“Nos Estados Unidos, mais uma vez, fomos confrontados com a perda de uma vida por causa do racismo”, disse Dom Shelton, presidente da Comissão contra o Racismo da Conferência Episcopal do país
Vatican News
Os protestos aumentam nos Estados Unidos depois da morte do afro-americano George Floyd durante a prisão na semana passada. O bispo de Houma-Thibodaux, dom Shelton Fabre, presidente da Comissão contra o Racismo da Conferência Episcopal dos Estados Unidos, fala sobre a situação em entrevista.
Como podemos descrever a situação nos Estados Unidos após este último caso de violência letal perpetrada por um policial branco contra um afro-americano?
Dom Shelton: Nestes dias, ouvi muitas emoções diferentes que atravessaram as mentes e os corações das pessoas. É claro que há uma grande tristeza, uma profunda tristeza, porque, neste país, estamos mais uma vez diante da perda de uma vida devido ao racismo. Raiva e indignação são justificadas porque, mais uma vez, é incrível que tenhamos testemunhado a morte de um homem afro-americano que estava sob custódia policial e, mais uma vez, assistimos a indiferença em relação a uma pessoa que está implorando para poder respirar. Não ter acolhido esta suplica está simplesmente além do que é pensável. Também acredito que, diante disso, muitas pessoas se perguntam: “O que podemos fazer?” Porque acho que as pessoas gostariam de fazer alguma coisa. “De que modo posso ajudar? O que podemos fazer?” No meio de toda essa dor, luta, indignação e raiva justificada, também há pessoas que olham dentro de seus corações. Há pessoas que dizem: “O que podemos fazer?” e são guiadas pelo Espírito Santo. Existem muitas iniciativas em andamento hoje: desde as desordens nas ruas, que incluem tudo, aos protestos, felizmente, pacíficos aos conflitos e tumultos que levam à destruição da propriedade privada, e isso não podemos aprovar. É claro que pedimos o fim disso.
A seu ver, pode-se afirmar que as atuais condições de vida nos Estados Unidos, a partir do confinamento e as consequentes reaberturas graduais, devido à pandemia da Covid-19, tenham algum peso no que acontece em geral no país?

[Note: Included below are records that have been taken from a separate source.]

(* Let $M=(W,\bm{\Box},V)$ be a monotonic and transitive neighborhood model, $\Sigma$ a set of formulas closed under subformulas, and $M^{T}_f$ the transitive filtration of $M$ through $\Sigma$. Then its supplementation $M^{T\#}_f=(W_f,\bm{\Box}^{T\#}_f,V_f)$ is a filtration of $M$ through $\Sigma$, i.e. $\bm{\Box}^{T\#}_f\widetilde{|\varphi|}_M=\widetilde{|\Box\varphi|}_M$ for every formula $\Box\varphi\in\Sigma$.
   Context: A neighborhood model is $M=(W,\bm{\Box},V)$ with $W\neq\varnothing$, $\bm{\Box}:\mathcal P(W)\to\mathcal P(W)$, $V:Var\to\mathcal P(W)$; truth sets: $|p|_M=V(p)$, $|\neg\varphi|_M=W\setminus|\varphi|_M$, $|\varphi\wedge\psi|_M=|\varphi|_M\cap|\psi|_M$, $|\Box\varphi|_M=\bm{\Box}|\varphi|_M$. $M$ is transitive if $\bm{\Box}X\subseteq\bm{\Box}\bm{\Box}X$ for all $X$, monotonic if $X\subseteq Y$ implies $\bm{\Box}X\subseteq\bm{\Box}Y$. For $\Sigma$ closed under subformulas, $w\sim v$ iff $w,v$ satisfy the same formulas of $\Sigma$; $\widetilde w$ is the class of $w$, $W_f=\{\widetilde w:w\in W\}$, $\widetilde X=\{\widetilde w:w\in X\}$, $V_f(p)=\widetilde{|p|}_M$. A filtration of $M$ through $\Sigma$ is a model $(W_f,\bm{\Box}_f,V_f)$ with $\bm{\Box}_f\widetilde{|\varphi|}_M=\widetilde{|\Box\varphi|}_M$ whenever $\Box\varphi\in\Sigma$. The minimal filtration has $\bm{\Box}^{-}_fX=\widetilde{|\Box\varphi|}_M$ if $X=\widetilde{|\varphi|}_M$ for some formula $\Box\varphi\in\Sigma$, and $\varnothing$ otherwise. For a function $\bm{\Box}':\mathcal P(U)\to\mathcal P(U)$, $\widehat{\bm{\Box}'}X=X$ if $X=\bm{\Box}'Y$ for some $Y$, and $\varnothing$ otherwise. The transitive filtration has $\bm{\Box}^{T}_fX=\bm{\Box}^{-}_fX\cup\widehat{\bm{\Box}^{-}_f}X$. The supplementation of a function $\bm{\Box}'$ is $\bm{\Box}'^{\#}X=\bigcup\{\bm{\Box}'Y:Y\subseteq X\}$; $\bm{\Box}^{T\#}_f$ denotes the supplementation of $\bm{\Box}^{T}_f$. *)

theory Defs
  imports Main
begin

datatype 'v fm = Var 'v | Neg "'v fm" | Conj "'v fm" "'v fm" | Box "'v fm"

fun subfms :: "'v fm \<Rightarrow> 'v fm set" where
  "subfms (Var p) = {Var p}"
| "subfms (Neg a) = insert (Neg a) (subfms a)"
| "subfms (Conj a b) = insert (Conj a b) (subfms a \<union> subfms b)"
| "subfms (Box a) = insert (Box a) (subfms a)"

definition sub_closed :: "'v fm set \<Rightarrow> bool" where
  "sub_closed S \<longleftrightarrow> (\<forall>a\<in>S. subfms a \<subseteq> S)"

definition nbhd_model :: "'w set \<Rightarrow> ('w set \<Rightarrow> 'w set) \<Rightarrow> ('v \<Rightarrow> 'w set) \<Rightarrow> bool" where
  "nbhd_model W B V \<longleftrightarrow> W \<noteq> {} \<and> (\<forall>X. X \<subseteq> W \<longrightarrow> B X \<subseteq> W) \<and> (\<forall>p. V p \<subseteq> W)"

fun tset :: "'w set \<Rightarrow> ('w set \<Rightarrow> 'w set) \<Rightarrow> ('v \<Rightarrow> 'w set) \<Rightarrow> 'v fm \<Rightarrow> 'w set" where
  "tset W B V (Var p) = V p"
| "tset W B V (Neg a) = W - tset W B V a"
| "tset W B V (Conj a b) = tset W B V a \<inter> tset W B V b"
| "tset W B V (Box a) = B (tset W B V a)"

definition transitive_nm :: "'w set \<Rightarrow> ('w set \<Rightarrow> 'w set) \<Rightarrow> bool" where
  "transitive_nm W B \<longleftrightarrow> (\<forall>X. X \<subseteq> W \<longrightarrow> B X \<subseteq> B (B X))"

definition monotonic_nm :: "'w set \<Rightarrow> ('w set \<Rightarrow> 'w set) \<Rightarrow> bool" where
  "monotonic_nm W B \<longleftrightarrow> (\<forall>X Y. X \<subseteq> Y \<and> Y \<subseteq> W \<longrightarrow> B X \<subseteq> B Y)"

definition cls :: "'w set \<Rightarrow> ('w set \<Rightarrow> 'w set) \<Rightarrow> ('v \<Rightarrow> 'w set) \<Rightarrow> 'v fm set \<Rightarrow> 'w \<Rightarrow> 'w set" where
  "cls W B V S w = {u \<in> W. \<forall>a\<in>S. (w \<in> tset W B V a \<longleftrightarrow> u \<in> tset W B V a)}"

definition Wf :: "'w set \<Rightarrow> ('w set \<Rightarrow> 'w set) \<Rightarrow> ('v \<Rightarrow> 'w set) \<Rightarrow> 'v fm set \<Rightarrow> 'w set set" where
  "Wf W B V S = cls W B V S ` W"

definition tilde :: "'w set \<Rightarrow> ('w set \<Rightarrow> 'w set) \<Rightarrow> ('v \<Rightarrow> 'w set) \<Rightarrow> 'v fm set \<Rightarrow> 'w set \<Rightarrow> 'w set set" where
  "tilde W B V S X = cls W B V S ` X"

definition Vf :: "'w set \<Rightarrow> ('w set \<Rightarrow> 'w set) \<Rightarrow> ('v \<Rightarrow> 'w set) \<Rightarrow> 'v fm set \<Rightarrow> 'v \<Rightarrow> 'w set set" where
  "Vf W B V S p = tilde W B V S (V p)"

definition box_min :: "'w set \<Rightarrow> ('w set \<Rightarrow> 'w set) \<Rightarrow> ('v \<Rightarrow> 'w set) \<Rightarrow> 'v fm set \<Rightarrow> 'w set set \<Rightarrow> 'w set set" where
  "box_min W B V S X =
     (if \<exists>a. Box a \<in> S \<and> X = tilde W B V S (tset W B V a)
      then tilde W B V S (tset W B V (Box (SOME a. Box a \<in> S \<and> X = tilde W B V S (tset W B V a))))
      else {})"

definition hat :: "'u set \<Rightarrow> ('u set \<Rightarrow> 'u set) \<Rightarrow> 'u set \<Rightarrow> 'u set" where
  "hat U B' X = (if \<exists>Y. Y \<subseteq> U \<and> X = B' Y then X else {})"

definition box_trans :: "'w set \<Rightarrow> ('w set \<Rightarrow> 'w set) \<Rightarrow> ('v \<Rightarrow> 'w set) \<Rightarrow> 'v fm set \<Rightarrow> 'w set set \<Rightarrow> 'w set set" where
  "box_trans W B V S X = box_min W B V S X \<union> hat (Wf W B V S) (box_min W B V S) X"

definition supp :: "'u set \<Rightarrow> ('u set \<Rightarrow> 'u set) \<Rightarrow> 'u set \<Rightarrow> 'u set" where
  "supp U B' X = \<Union>{B' Y | Y. Y \<subseteq> X}"

definition is_filtration :: "'w set \<Rightarrow> ('w set \<Rightarrow> 'w set) \<Rightarrow> ('v \<Rightarrow> 'w set) \<Rightarrow> 'v fm set \<Rightarrow> ('w set set \<Rightarrow> 'w set set) \<Rightarrow> bool" where
  "is_filtration W B V S Bf \<longleftrightarrow>
     (\<forall>a. Box a \<in> S \<longrightarrow> Bf (tilde W B V S (tset W B V a)) = tilde W B V S (tset W B V (Box a)))"

end

theory Submission
  imports Defs
begin

text \<open>
  Every \<open>\<Sigma>\<close>-definable truth set is a union of \<open>\<sim>\<close>-classes, so \<open>\<sim>\<close>-images reflect inclusion
  between truth sets of formulas in \<open>\<Sigma>\<close>. Hence, for \<open>\<box>\<phi> \<in> \<Sigma>\<close>, every value of the transitive
  filtration below \<open>|\<phi>|~\<close> is contained in \<open>|\<box>\<phi>|~\<close>: minimal-filtration values \<open>|\<box>\<psi>|~\<close> with
  \<open>|\<psi>| \<subseteq> |\<phi>|\<close> by monotonicity, and hat values \<open>|\<box>\<psi>|~ \<subseteq> |\<phi>|~\<close> because
  \<open>\<box>|\<psi>| \<subseteq> \<box>\<box>|\<psi>| \<subseteq> \<box>|\<phi>|\<close> by transitivity and monotonicity. So the union defining the
  supplementation at \<open>|\<phi>|~\<close> is attained at \<open>|\<phi>|~\<close> itself, where the minimal filtration
  already yields \<open>|\<box>\<phi>|~\<close>.
\<close>

lemma supp_eq_self:
  assumes "\<And>Y. Y \<subseteq> X \<Longrightarrow> B' Y \<subseteq> B' X"
  shows "supp U B' X = B' X"
  using assms unfolding supp_def by blast

lemma hat_subset: "hat U B' X \<subseteq> X"
  by (simp add: hat_def)

lemma box_subset_box_if_box_subset:
  assumes "monotonic_nm W B" "transitive_nm W B"
    and "X \<subseteq> W" "Y \<subseteq> W" "B X \<subseteq> Y"
  shows "B X \<subseteq> B Y"
proof -
  have "B X \<subseteq> B (B X)" using assms(2,3) by (simp add: transitive_nm_def)
  also have "\<dots> \<subseteq> B Y" using assms(1,4,5) by (simp add: monotonic_nm_def)
  finally show ?thesis .
qed

lemma tset_subset: "nbhd_model W B V \<Longrightarrow> tset W B V a \<subseteq> W"
  by (induction a) (auto simp: nbhd_model_def)

lemma in_subfms_self: "a \<in> subfms a"
  by (cases a) auto

lemma sub_closed_Box: "sub_closed S \<Longrightarrow> Box a \<in> S \<Longrightarrow> a \<in> S"
  unfolding sub_closed_def using in_subfms_self[of a] by fastforce

locale sigma_filtration =
  fixes W :: "'w set" and B :: "'w set \<Rightarrow> 'w set" and V :: "'v \<Rightarrow> 'w set" and S :: "'v fm set"
  assumes model: "nbhd_model W B V"
    and closed: "sub_closed S"
begin

abbreviation tr :: "'v fm \<Rightarrow> 'w set" where "tr \<equiv> tset W B V"
abbreviation tld :: "'w set \<Rightarrow> 'w set set" where "tld \<equiv> tilde W B V S"
abbreviation bmin :: "'w set set \<Rightarrow> 'w set set" where "bmin \<equiv> box_min W B V S"

lemma tr_subset: "tr a \<subseteq> W"
  using tset_subset[OF model] .

lemma tilde_subset_tilde_tr_iff:
  assumes "X \<subseteq> W" "b \<in> S"
  shows "tld X \<subseteq> tld (tr b) \<longleftrightarrow> X \<subseteq> tr b"
proof
  assume le: "tld X \<subseteq> tld (tr b)"
  show "X \<subseteq> tr b"
  proof
    fix w assume "w \<in> X"
    with le obtain u where u: "u \<in> tr b" "cls W B V S w = cls W B V S u"
      by (auto simp: tilde_def)
    have "w \<in> cls W B V S w" using \<open>w \<in> X\<close> assms(1) by (auto simp: cls_def)
    then show "w \<in> tr b" using u assms(2) by (auto simp: cls_def)
  qed
qed (simp add: tilde_def image_mono)

lemma tilde_tr_eq_iff: "a \<in> S \<Longrightarrow> b \<in> S \<Longrightarrow> tld (tr a) = tld (tr b) \<longleftrightarrow> tr a = tr b"
  using tilde_subset_tilde_tr_iff[OF tr_subset] by blast

lemma box_min_tilde_tr:
  assumes "Box b \<in> S"
  shows "bmin (tld (tr b)) = tld (tr (Box b))"
proof -
  let ?P = "\<lambda>a. Box a \<in> S \<and> tld (tr b) = tld (tr a)"
  have ex: "\<exists>a. ?P a" using assms by blast
  define c where "c = (SOME a. ?P a)"
  have "?P c" unfolding c_def using someI_ex[OF ex] .
  then have "tr c = tr b"
    using tilde_tr_eq_iff sub_closed_Box[OF closed] assms by metis
  then show ?thesis using ex unfolding box_min_def c_def[symmetric] by simp
qed

lemma box_minE:
  obtains "bmin X = {}"
  | b where "Box b \<in> S" "X = tld (tr b)" "bmin X = tld (tr (Box b))"
proof (cases "\<exists>b. Box b \<in> S \<and> X = tld (tr b)")
  case True
  then show ?thesis using that(2) box_min_tilde_tr by blast
next
  case False
  then have "bmin X = {}" unfolding box_min_def by (rule if_not_P)
  then show ?thesis by (rule that(1))
qed

lemma box_min_subset:
  assumes "monotonic_nm W B" "Box a \<in> S" "Y \<subseteq> tld (tr a)"
  shows "bmin Y \<subseteq> tld (tr (Box a))"
proof (cases Y rule: box_minE)
  case (2 b)
  from \<open>Y = tld (tr b)\<close> have "tr b \<subseteq> tr a"
    using assms(3) tilde_subset_tilde_tr_iff[OF tr_subset sub_closed_Box[OF closed assms(2)]]
    by simp
  then have "B (tr b) \<subseteq> B (tr a)"
    using assms(1) tr_subset by (simp add: monotonic_nm_def)
  then show ?thesis unfolding \<open>bmin Y = tld (tr (Box b))\<close> tilde_def by (simp add: image_mono)
qed simp

lemma hat_box_min_subset:
  assumes "monotonic_nm W B" "transitive_nm W B" "Box a \<in> S" "Y \<subseteq> tld (tr a)"
  shows "hat (Wf W B V S) bmin Y \<subseteq> tld (tr (Box a))"
proof (cases "\<exists>Z. Z \<subseteq> Wf W B V S \<and> Y = bmin Z")
  case True
  then obtain Z where Z: "Y = bmin Z" by blast
  show ?thesis
  proof (cases Z rule: box_minE)
    case 1
    then show ?thesis using Z by (simp add: hat_def)
  next
    case (2 c)
    with Z have Y: "Y = tld (tr (Box c))" by simp
    from assms(4) have "tr (Box c) \<subseteq> tr a"
      unfolding Y
      by (rule tilde_subset_tilde_tr_iff[OF tr_subset sub_closed_Box[OF closed assms(3)], THEN iffD1])
    then have "B (tr c) \<subseteq> B (tr a)"
      by (intro box_subset_box_if_box_subset[OF assms(1,2) tr_subset tr_subset]) simp
    then have "Y \<subseteq> tld (tr (Box a))" unfolding Y tilde_def by (simp add: image_mono)
    with hat_subset show ?thesis by (rule order_trans)
  qed
next
  case False
  then show ?thesis by (auto simp: hat_def)
qed

lemma box_trans_subset:
  assumes "monotonic_nm W B" "transitive_nm W B" "Box a \<in> S" "Y \<subseteq> tld (tr a)"
  shows "box_trans W B V S Y \<subseteq> tld (tr (Box a))"
  using box_min_subset[OF assms(1,3,4)] hat_box_min_subset[OF assms]
  by (simp add: box_trans_def)

lemma box_trans_tilde_tr:
  assumes "monotonic_nm W B" "transitive_nm W B" "Box a \<in> S"
  shows "box_trans W B V S (tld (tr a)) = tld (tr (Box a))"
  using box_trans_subset[OF assms order_refl] box_min_tilde_tr[OF assms(3)]
  by (auto simp: box_trans_def)

end

theorem mainTheorem8:
  fixes W :: "'w set" and B :: "'w set \<Rightarrow> 'w set" and V :: "'v \<Rightarrow> 'w set" and S :: "'v fm set"
  assumes "nbhd_model W B V"
    and "monotonic_nm W B"
    and "transitive_nm W B"
    and "sub_closed S"
  shows "is_filtration W B V S (supp (Wf W B V S) (box_trans W B V S))"
proof -
  interpret sigma_filtration W B V S
    using assms(1,4) by unfold_locales
  show ?thesis
    unfolding is_filtration_def
  proof (intro allI impI)
    fix a assume "Box a \<in> S"
    note box_trans_eq = box_trans_tilde_tr[OF assms(2,3) this]
    have "supp (Wf W B V S) (box_trans W B V S) (tld (tr a)) = box_trans W B V S (tld (tr a))"
    proof (rule supp_eq_self)
      show "box_trans W B V S Y \<subseteq> box_trans W B V S (tld (tr a))" if "Y \<subseteq> tld (tr a)" for Y
        unfolding box_trans_eq using box_trans_subset[OF assms(2,3) \<open>Box a \<in> S\<close> that] .
    qed
    then show "supp (Wf W B V S) (box_trans W B V S) (tld (tr a)) = tld (tr (Box a))"
      using box_trans_eq by simp
  qed
qed

end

Dom Shelton: Acredito que esteja relacionado, mas o que quero dizer é que isso é algo contra o qual lutamos desde o nascimento de nosso país: o racismo. O pensamento de que pessoas de uma raça diferente – negros – valem menos que eu por causa de sua pertença racial. O racismo é o seguinte: acreditar que alguém vale menos que eu porque pertence a uma raça diferente da minha. Não quero atribuir o que está acontecendo à situação atual: as raízes não estão no momento atual. As raízes de tudo isso estão em nossa longa história de tentativas de combater o racismo de forma construtiva e adequada. Acredito que a pandemia que estamos vivendo e que causou o confinamento certamente fomentou frustração e raiva justificadas. A pandemia revelou a realidade “racial”, para a qual os negros deste país, e especialmente os afro-americanos, foram particularmente afetados pelo vírus por causa do racismo sistêmico, de todas as coisas que os colocam nas condições em que estão. Muitos deles não têm seguro de saúde. Muitos trabalham na indústria de serviços e não têm licença médica. Muitos vivem em condições de habitação que abrangem várias gerações, todas juntas, tornando impossível o distanciamento social. Todos esses aspectos do racismo sistêmico jogaram gasolina no fogo da frustração. Então, eu diria que a minha primeira resposta seria “sim” e “não”. “Sim” porque vê crescer a frustração por causa da pandemia e do modo como a pandemia afetou particularmente os negros no país, e isso é uma manifestação do racismo sistêmico. Mas as raízes da situação atual não estão na pandemia: são profundas, são raízes históricas que fazem parte da falta de respeito à vida neste país e de nossa incapacidade ou falta de vontade de enfrentar o tema das raças e do racismo.
Como a Igreja nos Estados Unidos responde a essa situação, em particular no que diz respeito a algumas formas de violência que se expressaram durante essas manifestações?
Dom Shelton: Certamente não podemos justificar a violência. Pedimos protestos pacíficos. Neste período, uma frase de Martin Luther King foi lembrada, segundo a qual uma revolta é a linguagem daqueles que não são ouvidos. Embora condenemos com força a violência nas desordens, compreendemos a frustração e a indignação das pessoas que também se envolvem em protestos pacíficos para serem ouvidas.